◆ **Exercise details**:
Compute how many lines in the entries below include the string "assms". Only the number is wanted.

(Saved entries)
lemma card_path_edges_in:
  "distinct xs \<Longrightarrow> card {u. (u, x) \<in> path_edges xs} = (if x \<in> set (tl xs) then 1 else 0)"
proof (induction xs)
  case (Cons a xs)
  have fin: "finite {u. (u, x) \<in> path_edges xs}"
    by (rule finite_subset[of _ "set xs"]) (auto dest: path_edges_vertices)
  have split: "{u. (u, x) \<in> path_edges (a # xs)}
      = (if xs \<noteq> [] \<and> x = hd xs then {a} else {}) \<union> {u. (u, x) \<in> path_edges xs}"
    by (auto simp: path_edges_Cons)
  show ?case
  proof (cases "xs \<noteq> [] \<and> x = hd xs")
    case True
    then have "x \<notin> set (tl xs)" using Cons.prems by (cases xs) auto
    then have "{u. (u, x) \<in> path_edges xs} = {}" using Cons.IH Cons.prems fin by auto
    then show ?thesis using split True by (cases xs) auto
  next
    case False
    then have "x \<in> set (tl (a # xs)) \<longleftrightarrow> x \<in> set (tl xs)" by (cases xs) auto
    then show ?thesis using split False Cons.IH Cons.prems by simp
  qed
qed simp

lemma card_path_edges_out:
  "distinct xs \<Longrightarrow> card {w. (x, w) \<in> path_edges xs} = (if x \<in> set (butlast xs) then 1 else 0)"
proof (induction xs)
  case (Cons a xs)
  have fin: "finite {w. (x, w) \<in> path_edges xs}"
    by (rule finite_subset[of _ "set xs"]) (auto dest: path_edges_vertices)
  have split: "{w. (x, w) \<in> path_edges (a # xs)}
      = (if xs \<noteq> [] \<and> x = a then {hd xs} else {}) \<union> {w. (x, w) \<in> path_edges xs}"
    by (auto simp: path_edges_Cons)
  show ?case
  proof (cases "xs \<noteq> [] \<and> x = a")
    case True
    then have "x \<notin> set (butlast xs)" using Cons.prems by (auto dest: in_set_butlastD)
    then have "{w. (x, w) \<in> path_edges xs} = {}" using Cons.IH Cons.prems fin by auto
    then show ?thesis using split True by simp
  next
    case False
    then show ?thesis using split Cons.IH Cons.prems by auto
  qed
qed simp

lemma inflow_unit_paths:
  assumes "E \<subseteq> N \<times> N" "finite N" "finite Ps" "\<forall>p\<in>Ps. path_edges (g p) \<subseteq> E \<and> distinct (g p)"
  shows "inflow N E (\<lambda>e. \<Sum>p\<in>Ps. if e \<in> path_edges (g p) then 1 else 0) x
         = real (card {p\<in>Ps. x \<in> set (tl (g p))})"
proof -
  let ?In = "{u\<in>N. (u, x) \<in> E}"
  have "inflow N E (\<lambda>e. \<Sum>p\<in>Ps. if e \<in> path_edges (g p) then 1 else 0) x
        = (\<Sum>u\<in>?In. \<Sum>p\<in>Ps. if (u, x) \<in> path_edges (g p) then 1 else 0)"
    unfolding inflow_def ..
  also have "\<dots> = (\<Sum>p\<in>Ps. \<Sum>u\<in>?In. if (u, x) \<in> path_edges (g p) then 1 else 0)"
    by (rule sum.swap)
  also have "\<dots> = (\<Sum>p\<in>Ps. real (card {u\<in>?In. (u, x) \<in> path_edges (g p)}))"
    using assms(2) by (simp add: sum.inter_filter[symmetric])
  also have "\<dots> = (\<Sum>p\<in>Ps. if x \<in> set (tl (g p)) then 1 else 0)"
  proof (rule sum.cong[OF refl])
    fix p assume "p \<in> Ps"
    then have "{u\<in>?In. (u, x) \<in> path_edges (g p)} = {u. (u, x) \<in> path_edges (g p)}"
      using assms(1,4) by auto
    then show "real (card {u\<in>?In. (u, x) \<in> path_edges (g p)}) = (if x \<in> set (tl (g p)) then 1 else 0)"
      using card_path_edges_in[of "g p" x] assms(4) \<open>p \<in> Ps\<close> by simp
  qed
  finally show ?thesis using assms(3) by (simp add: sum.inter_filter[symmetric])
qed
lemma exists_leaf_descendant:
  assumes "0 < b" "b < n"
  shows "\<exists>l\<in>leaves. child\<^sup>*\<^sup>* b l"
  using assms
proof (induction "n - b" arbitrary: b rule: less_induct)
  case less
  show ?case
  proof (cases "\<exists>c. child b c")
    case True
    then obtain c where c: "child b c" by blast
    then have "n - c < n - b" using par_less[of c] by (auto simp: child_def)
    then obtain l where "l \<in> leaves" "child\<^sup>*\<^sup>* c l"
      using less.hyps[of c] c by (auto simp: child_def)
    then show ?thesis using c by (meson converse_rtranclp_into_rtranclp)
  next
    case False
    then show ?thesis using less.prems by (auto simp: leaves_def)
  qed
qed

lemma crossing_not_descendant:
  assumes "b \<in> crossing i" "b' \<in> crossing i" "child\<^sup>*\<^sup>* b b'"
  shows "b = b'"
proof (rule ccontr)
  assume "b \<noteq> b'"
  then have "child\<^sup>*\<^sup>* b (par b')" using descendant_cases[OF assms(3)] by auto
  then have "b \<le> par b'" by (rule descendant_le)
  then show False using assms(1,2) by (auto simp: crossing_def)
qed

text \<open>Send every crossing vertex to a leaf below it: two crossing vertices with a common
  leaf descendant would be comparable, which crossing_not_descendant rules out.\<close>
lemma card_crossing_le_card_leaves: "card (crossing i) \<le> card leaves"
proof -
  obtain f where f: "\<And>b. b \<in> crossing i \<Longrightarrow> f b \<in> leaves \<and> child\<^sup>*\<^sup>* b (f b)"
    using exists_leaf_descendant by (metis (no_types, lifting) crossing_def mem_Collect_eq)
  have "inj_on f (crossing i)"
  proof (rule inj_onI)
    fix b b' assume b: "b \<in> crossing i" "b' \<in> crossing i" "f b = f b'"
    then have "child\<^sup>*\<^sup>* b b' \<or> child\<^sup>*\<^sup>* b' b"
      using f common_descendant_comparable by metis
    then show "b = b'" using crossing_not_descendant b by metis
  qed
  moreover have "f ` crossing i \<subseteq> leaves" using f by blast
  moreover have "finite leaves" by (simp add: leaves_def)
  ultimately show ?thesis by (rule card_inj_on_le)
qed

end

locale gs_ordered_graph =
  fixes V :: "'a set" and E :: "'a \<Rightarrow> 'a \<Rightarrow> bool" and vs :: "'a list"
  assumes graph: "graph V E" and gs: "gs_ordering V E vs"
begin

definition parent_index :: "nat \<Rightarrow> nat" where
  "parent_index b = (LEAST j. j < length vs \<and> E (vs ! j) (vs ! b))"

lemma distinct_vs: "distinct vs" and set_vs: "set vs = V"
  using gs by (simp_all add: gs_ordering_def)

lemma vs_nonempty: "vs \<noteq> []"
  using graph set_vs by (auto simp: graph_def)

lemma nth_vs_eq_iff: "i < length vs \<Longrightarrow> j < length vs \<Longrightarrow> vs ! i = vs ! j \<longleftrightarrow> i = j"
  using distinct_vs by (simp add: nth_eq_iff_index_eq)

lemma nth_vs_eq_hd_iff: "i < length vs \<Longrightarrow> vs ! i = hd vs \<longleftrightarrow> i = 0"
  using vs_nonempty nth_vs_eq_iff[of i 0] by (simp add: hd_conv_nth)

◆ **Exercise result**:
7